Multifunctional acrylates (MFAs) are used extensively in radiation rapid cure (RRC) formulations involving u.v. and EB processing to achieve fast rates of polymerization and cross-linking if required. For certain RRC applications, the ability to achieve concurrent grafting with cure can lead to improved properties of the finished product. In the current work the effect of MFAs on concurrent grafting during the curing process is evaluated from a basic study of the role of these MFAs on a typical grafting reaction initiated by u.v. or ionizing radiation. The model used for the grafting work was the copolymerization of styren to the polyolefins and cellulose.
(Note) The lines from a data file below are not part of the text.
theorem mainTheorem4:
  fixes sc :: "complex \<Rightarrow> 'a::ab_group_add \<Rightarrow> 'a"
    and pr :: "idx \<Rightarrow> 'a \<Rightarrow> 'a"
    and mul :: "'a \<Rightarrow> 'a \<Rightarrow> 'a"
    and one a1 a2 :: 'a
    and l r :: nat
    and L1 L2 :: idx
  assumes "simple_framed_algebra l r sc pr mul one"
    and "L1 \<in> Idx l r" and "L2 \<in> Idx l r"
    and "homog pr L1 a1" and "homog pr L2 a2"
    and "mul a1 a2 = 0"
  shows "a1 = 0 \<or> a2 = 0"
proof -
  interpret framed_alg l r sc pr mul one
    using assms(1) by unfold_locales (simp add: simple_framed_algebra_def)
  let ?M = "graded_left_annihilator pr mul a1"
  have "fa_ideal sc pr mul ?M"
    using assms(2,4) by (rule fa_ideal_graded_left_annihilator)
  then have "?M = {0} \<or> ?M = UNIV"
    using assms(1) by (simp add: simple_framed_algebra_def)
  moreover have "a2 \<in> ?M"
    using assms(5,6) by (rule homog_mem_graded_left_annihilator)
  moreover have "?M = UNIV \<Longrightarrow> a1 = 0"
    using eq_0_if_one_mem_graded_left_annihilator by blast
  ultimately show ?thesis
    by blast
qed

end
(* Let $a>1$ be a real number and let $G$ be a connected $(n,m)$-graph. If $G$ has maximum value of $SEI_a$ among all connected $(n,m)$-graphs, then the maximum vertex degree in $G$ is $n-1$.
   Context: All graphs are finite, simple, undirected and connected; an $(n,m)$-graph has $n$ vertices and $m$ edges. The variable sum exdeg index is $SEI_a(G)=\sum_{uv\in E(G)}(a^{d_u}+a^{d_v})$, where $d_u$ is the degree of vertex $u$. *)

theory Defs
  imports Complex_Main
begin

definition simple_graph :: "'a set \<Rightarrow> 'a set set \<Rightarrow> bool" where
  "simple_graph V E \<longleftrightarrow> finite V \<and> (\<forall>e\<in>E. e \<subseteq> V \<and> card e = 2)"

definition adj :: "'a set set \<Rightarrow> 'a \<Rightarrow> 'a \<Rightarrow> bool" where
  "adj E u v \<longleftrightarrow> {u, v} \<in> E"

definition connected_graph :: "'a set \<Rightarrow> 'a set set \<Rightarrow> bool" where
  "connected_graph V E \<longleftrightarrow> simple_graph V E \<and> V \<noteq> {} \<and>
     (\<forall>u\<in>V. \<forall>v\<in>V. (adj E)\<^sup>*\<^sup>* u v)"

definition degree :: "'a set set \<Rightarrow> 'a \<Rightarrow> nat" where
  "degree E v = card {e \<in> E. v \<in> e}"

definition max_degree :: "'a set \<Rightarrow> 'a set set \<Rightarrow> nat" where
  "max_degree V E = Max (degree E ` V)"

definition SEI :: "real \<Rightarrow> 'a set set \<Rightarrow> real" where
  "SEI a E = (\<Sum>e\<in>E. \<Sum>v\<in>e. a ^ degree E v)"

end

theory Submission
  imports Defs
begin

text \<open>
  Let \<open>v\<close> be a vertex of maximum degree and suppose \<open>v\<close> is not adjacent to every other vertex.
  By connectedness some walk leaves the closed neighbourhood of \<open>v\<close>, so there are edges
  \<open>vx\<close> and \<open>xw\<close> with \<open>w\<close> neither \<open>v\<close> nor a neighbour of \<open>v\<close>. Replacing \<open>xw\<close> by \<open>vw\<close> keeps
  the graph connected and the numbers of vertices and edges unchanged. Since
  \<open>SEI a E = \<Sum>u\<in>V. d(u) * a ^ d(u)\<close> and the increments of \<open>k \<mapsto> k a\<^sup>k\<close> are strictly increasing for \<open>a > 1\<close>,
  raising \<open>d\<^sub>v\<close> by one gains more than lowering \<open>d\<^sub>x \<le> d\<^sub>v\<close> by one loses, contradicting maximality.
\<close>

lemma simple_graph_finite_edges: "simple_graph V E \<Longrightarrow> finite E"
  unfolding simple_graph_def
  by (meson PowI finite_Pow_iff finite_subset subsetI)

lemma SEI_eq_sum_vertices:
  assumes "simple_graph V E"
  shows "SEI a E = (\<Sum>u\<in>V. real (degree E u) * a ^ degree E u)"
proof -
  have fE: "finite E" using simple_graph_finite_edges[OF assms] .
  have fV: "finite V" using assms by (simp add: simple_graph_def)
  define g where "g u = a ^ degree E u" for u
  have "SEI a E = (\<Sum>e\<in>E. \<Sum>u\<in>e. g u)" by (simp add: SEI_def g_def)
  also have "\<dots> = (\<Sum>e\<in>E. \<Sum>u\<in>V. if u \<in> e then g u else 0)"
  proof (rule sum.cong[OF refl])
    fix e assume "e \<in> E"
    then have "e = {u\<in>V. u \<in> e}" using assms by (auto simp: simple_graph_def)
    then show "(\<Sum>u\<in>e. g u) = (\<Sum>u\<in>V. if u \<in> e then g u else 0)"
      using sum.inter_filter[OF fV, of g "\<lambda>u. u \<in> e"] by simp
  qed
  also have "\<dots> = (\<Sum>u\<in>V. \<Sum>e\<in>E. if u \<in> e then g u else 0)" by (rule sum.swap)
  also have "\<dots> = (\<Sum>u\<in>V. real (degree E u) * g u)"
  proof (rule sum.cong[OF refl])
    fix u
    show "(\<Sum>e\<in>E. if u \<in> e then g u else 0) = real (degree E u) * g u"
      using sum.inter_filter[OF fE, of "\<lambda>_. g u" "\<lambda>e. u \<in> e"]
      by (simp add: degree_def)
  qed
  finally show ?thesis by (simp add: g_def)
qed

lemma mult_power_increment_strict_mono:
  fixes a :: real
  assumes "a > 1" "j < k"
  shows "real (Suc j) * a ^ Suc j - real j * a ^ j < real (Suc k) * a ^ Suc k - real k * a ^ k"
proof -
  have increment: "real (Suc n) * a ^ Suc n - real n * a ^ n = a ^ n * (real n * (a - 1) + a)" for n
    by (simp add: algebra_simps)
  have "a ^ j < a ^ k" using assms by (simp add: power_strict_increasing)
  moreover have "real j * (a - 1) + a \<le> real k * (a - 1) + a"
    using assms by (simp add: mult_right_mono)
  moreover have "0 < real j * (a - 1) + a" using assms by (simp add: add_nonneg_pos)
  ultimately have "a ^ j * (real j * (a - 1) + a) < a ^ k * (real k * (a - 1) + a)"
    using assms by (intro mult_strict_mono) auto
  then show ?thesis by (simp only: increment)
qed

lemma degree_eq_card_neighbours:
  assumes "simple_graph V E"
  shows "degree E v = card {u. {v, u} \<in> E}"
proof -
  have "bij_betw (\<lambda>u. {v, u}) {u. {v, u} \<in> E} {e \<in> E. v \<in> e}"
  proof (rule bij_betwI')
    fix x y show "({v, x} = {v, y}) = (x = y)" by (metis doubleton_eq_iff)
  next
    fix x assume "x \<in> {u. {v, u} \<in> E}" then show "{v, x} \<in> {e \<in> E. v \<in> e}" by simp
  next
    fix e assume "e \<in> {e \<in> E. v \<in> e}"
    then have "e \<in> E" "v \<in> e" by auto
    then have "card e = 2" using assms by (simp add: simple_graph_def)
    then obtain p q where "e = {p, q}" by (meson card_2_iff)
    with \<open>v \<in> e\<close> have "\<exists>u. e = {v, u}" by auto
    then show "\<exists>x\<in>{u. {v, u} \<in> E}. e = {v, x}" using \<open>e \<in> E\<close> by auto
  qed
  then show ?thesis unfolding degree_def by (simp add: bij_betw_same_card)
qed

lemma neighbours_subset:
  assumes "simple_graph V E"
  shows "{u. {v, u} \<in> E} \<subseteq> V - {v}"
proof
  fix u assume "u \<in> {u. {v, u} \<in> E}"
  then have "{v, u} \<subseteq> V" "card {v, u} = 2" using assms by (auto simp: simple_graph_def)
  then show "u \<in> V - {v}" by (cases "u = v") auto
qed

lemma degree_le_card_minus_1:
  assumes "simple_graph V E" "v \<in> V"
  shows "degree E v \<le> card V - 1"
proof -
  have "finite V" using assms by (simp add: simple_graph_def)
  then have "card {u. {v, u} \<in> E} \<le> card (V - {v})"
    using neighbours_subset[OF assms(1)] by (intro card_mono) auto
  then show ?thesis using degree_eq_card_neighbours[OF assms(1)] assms(2) by simp
qed

lemma exists_non_neighbour:
  assumes "simple_graph V E" "v \<in> V" "degree E v < card V - 1"
  obtains u where "u \<in> V" "u \<noteq> v" "{v, u} \<notin> E"
proof -
  have "finite V" using assms(1) by (simp add: simple_graph_def)
  then have "finite {u. {v, u} \<in> E}"
    using neighbours_subset[OF assms(1)] by (meson finite_Diff finite_subset)
  moreover have "card {u. {v, u} \<in> E} < card (V - {v})"
    using assms(2,3) \<open>finite V\<close> degree_eq_card_neighbours[OF assms(1)] by simp
  ultimately have "\<not> V - {v} \<subseteq> {u. {v, u} \<in> E}"
    by (meson card_mono not_le)
  then show ?thesis using that by blast
qed

lemma rtranclp_leaves_neighbourhood:
  assumes "R\<^sup>*\<^sup>* v u" "u \<noteq> v" "\<not> R v u"
  shows "\<exists>x w. R v x \<and> R x w \<and> w \<noteq> v \<and> \<not> R v w"
  using assms
proof (induction rule: rtranclp_induct)
  case (step b c)
  show ?case
  proof (cases "b = v \<or> R v b")
    case True
    then show ?thesis using step.hyps(2) step.prems by blast
  qed (use step.IH in blast)
qed simp

definition move_edge :: "'a set set \<Rightarrow> 'a \<Rightarrow> 'a \<Rightarrow> 'a \<Rightarrow> 'a set set" where
  "move_edge E x w v = insert {v, w} (E - {{x, w}})"

context
  fixes V :: "'a set" and E :: "'a set set" and v x w :: 'a
  assumes simple: "simple_graph V E"
    and vx: "{v, x} \<in> E" and xw: "{x, w} \<in> E"
    and vw: "{v, w} \<notin> E" "w \<noteq> v"
begin

lemma move_edge_distinct: "x \<noteq> v" "x \<noteq> w"
  using simple vx xw by (auto simp: simple_graph_def)

lemma simple_graph_move_edge: "simple_graph V (move_edge E x w v)"
  using simple vx xw vw(2) by (auto simp: simple_graph_def move_edge_def)

lemma card_move_edge: "card (move_edge E x w v) = card E"
proof -
  have "finite E" using simple_graph_finite_edges[OF simple] .
  moreover have "card E > 0" using \<open>finite E\<close> xw card_gt_0_iff by blast
  ultimately show ?thesis using xw vw(1) by (simp add: move_edge_def card_Diff_singleton)
qed

lemma adj_rtranclp_move_edge:
  assumes "(adj E)\<^sup>*\<^sup>* p q"
  shows "(adj (move_edge E x w v))\<^sup>*\<^sup>* p q"
proof -
  let ?E' = "move_edge E x w v"
  have edge: "(adj ?E')\<^sup>*\<^sup>* b c" if "adj E b c" for b c
  proof (cases "{b, c} = {x, w}")
    case True
    have "adj ?E' x v" "adj ?E' v x" "adj ?E' v w" "adj ?E' w v"
      using vx vw(2) move_edge_distinct
      by (auto simp: adj_def move_edge_def insert_commute doubleton_eq_iff)
    then have "(adj ?E')\<^sup>*\<^sup>* x w" "(adj ?E')\<^sup>*\<^sup>* w x"
      by (meson r_into_rtranclp rtranclp_trans)+
    then show ?thesis using True by (auto simp: doubleton_eq_iff)
  next
    case False
    then show ?thesis using that by (intro r_into_rtranclp) (simp add: adj_def move_edge_def)
  qed
  from assms show ?thesis
    by (induction rule: rtranclp_induct) (auto intro: edge rtranclp_trans)
qed

lemma connected_graph_move_edge:
  "connected_graph V E \<Longrightarrow> connected_graph V (move_edge E x w v)"
  using simple_graph_move_edge adj_rtranclp_move_edge by (simp add: connected_graph_def)

lemma degree_move_edge:
  "degree (move_edge E x w v) v = Suc (degree E v)"
  "Suc (degree (move_edge E x w v) x) = degree E x"
  "u \<noteq> v \<Longrightarrow> u \<noteq> x \<Longrightarrow> degree (move_edge E x w v) u = degree E u"
proof -
  have fin: "finite {e \<in> E. u \<in> e}" for u
    using simple_graph_finite_edges[OF simple] by simp
  have "{e \<in> move_edge E x w v. v \<in> e} = insert {v, w} {e \<in> E. v \<in> e}"
    using move_edge_distinct vw(2) by (auto simp: move_edge_def doubleton_eq_iff)
  then show "degree (move_edge E x w v) v = Suc (degree E v)"
    using vw(1) fin by (simp add: degree_def)
  have "{e \<in> move_edge E x w v. x \<in> e} = {e \<in> E. x \<in> e} - {{x, w}}"
    using move_edge_distinct by (auto simp: move_edge_def)
  moreover have "{x, w} \<in> {e \<in> E. x \<in> e}" using xw by simp
  ultimately show "Suc (degree (move_edge E x w v) x) = degree E x"
    using fin card_Suc_Diff1 by (metis degree_def)
  assume "u \<noteq> v" "u \<noteq> x"
  show "degree (move_edge E x w v) u = degree E u"
  proof (cases "u = w")
    case True
    have "{e \<in> move_edge E x w v. w \<in> e} = insert {v, w} ({e \<in> E. w \<in> e} - {{x, w}})"
      by (auto simp: move_edge_def)
    moreover have "Suc (card ({e \<in> E. w \<in> e} - {{x, w}})) = card {e \<in> E. w \<in> e}"
      using xw fin by (intro card_Suc_Diff1) auto
    ultimately show ?thesis
      using True fin vw(1) by (simp add: degree_def del: card_Diff_insert)
  next
    case False
    then have "{e \<in> move_edge E x w v. u \<in> e} = {e \<in> E. u \<in> e}"
      using \<open>u \<noteq> v\<close> \<open>u \<noteq> x\<close> by (auto simp: move_edge_def)
    then show ?thesis by (simp add: degree_def)
  qed
qed

lemma SEI_move_edge_gt:
  assumes "a > 1" "degree E x \<le> degree E v"
  shows "SEI a E < SEI a (move_edge E x w v)"
proof -
  let ?E' = "move_edge E x w v"
  define f where "f k = real k * a ^ k" for k
  define h where "h u = f (degree ?E' u) - f (degree E u)" for u
  have fV: "finite V" using simple by (simp add: simple_graph_def)
  have "{v, x} \<subseteq> V" using vx simple unfolding simple_graph_def by blast
  have "SEI a ?E' - SEI a E = (\<Sum>u\<in>V. h u)"
    using SEI_eq_sum_vertices[OF simple] SEI_eq_sum_vertices[OF simple_graph_move_edge]
    by (simp add: h_def f_def sum_subtractf)
  also have "\<dots> = (\<Sum>u\<in>{v, x}. h u)"
    using fV \<open>{v, x} \<subseteq> V\<close> degree_move_edge(3)
    by (intro sum.mono_neutral_right) (auto simp: h_def)
  also have "\<dots> = h v + h x" using move_edge_distinct by simp
  finally have diff: "SEI a ?E' - SEI a E = h v + h x" .
  obtain j where j: "degree E x = Suc j" "degree ?E' x = j"
    using degree_move_edge(2) by metis
  have "f (Suc j) - f j < f (Suc (degree E v)) - f (degree E v)"
    unfolding f_def using mult_power_increment_strict_mono assms j(1) by simp
  then have "h v + h x > 0" unfolding h_def using degree_move_edge(1) j by simp
  with diff show ?thesis by simp
qed

end

lemma max_degree_attained:
  assumes "finite V" "V \<noteq> {}"
  obtains v where "v \<in> V" "max_degree V E = degree E v"
    "\<And>u. u \<in> V \<Longrightarrow> degree E u \<le> degree E v"
proof -
  have "finite (degree E ` V)" "degree E ` V \<noteq> {}" using assms by auto
  from Max_in[OF this] obtain v where "v \<in> V" "max_degree V E = degree E v"
    unfolding max_degree_def by blast
  moreover have "degree E u \<le> max_degree V E" if "u \<in> V" for u
    unfolding max_degree_def using \<open>finite (degree E ` V)\<close> that by simp
  ultimately show ?thesis using that by simp
qed

theorem corollary5:
  fixes a :: real and V :: "'a set" and E :: "'a set set"
  assumes "a > 1"
    and "connected_graph V E"
    and "\<And>V' E' :: 'a set set. connected_graph V' E' \<Longrightarrow> card V' = card V \<Longrightarrow>
           card E' = card E \<Longrightarrow> SEI a E' \<le> SEI a E"
  shows "max_degree V E = card V - 1"
proof -
  have simple: "simple_graph V E" and "finite V" "V \<noteq> {}"
    and conn: "\<forall>u\<in>V. \<forall>v\<in>V. (adj E)\<^sup>*\<^sup>* u v"
    using assms(2) by (auto simp: connected_graph_def simple_graph_def)
  obtain v where v: "v \<in> V" "max_degree V E = degree E v"
    and vmax: "\<And>u. u \<in> V \<Longrightarrow> degree E u \<le> degree E v"
    using max_degree_attained[OF \<open>finite V\<close> \<open>V \<noteq> {}\<close>] by blast
  have "\<not> degree E v < card V - 1"
  proof
    assume "degree E v < card V - 1"
    then obtain u where "u \<in> V" "u \<noteq> v" "{v, u} \<notin> E"
      using exists_non_neighbour[OF simple v(1)] by blast
    then obtain x w where vx: "{v, x} \<in> E" and xw: "{x, w} \<in> E" and vw: "{v, w} \<notin> E" "w \<noteq> v"
      using rtranclp_leaves_neighbourhood[of "adj E" v u] conn v(1) by (auto simp: adj_def)
    have "x \<in> V" using vx simple by (auto simp: simple_graph_def)
    note move = simple vx xw vw
    have "SEI a (move_edge E x w v) \<le> SEI a E"
      using assms(3) connected_graph_move_edge[OF move assms(2)] card_move_edge[OF move] by blast
    moreover have "SEI a E < SEI a (move_edge E x w v)"
      using SEI_move_edge_gt[OF move assms(1) vmax[OF \<open>x \<in> V\<close>]] .
    ultimately show False by simp
  qed
  then show ?thesis using v degree_le_card_minus_1[OF simple v(1)] by simp
qed

end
It is found that the presence of the MFA and related polyfunctional monomers (PFMs) in additive amounts in the styrene grafting solution enhances the copolymerization yield under certain radiation conditions. Synergistic effects of the MFAs and PFMs with other additives such as mineral acids, inorganic salts (e.g. lithium perchlorate) and specific organic compounds (e.g. urea) were observed in the model grafting reactions. When additives such as silanes and fluorinated alkyl esters, which are important in RRC formulations to achieve slip and flow in the cured film, are incorporated into the model grafting monomer solution, the former additive retards copolymerization whereas the latter enhances it. The inclusion of MFAs in these monomer solutions leads to large increases in graft with both silanes and fluorinated alkyl esters. The result implies that MFAs, in addition to speeding cure and cross-linking in RRC processes, may also enhance adhesion to certain substrates because of an increase in concurent grafting during cure. A mechanism for these additive effects in concurrent grafting and curing is proposed.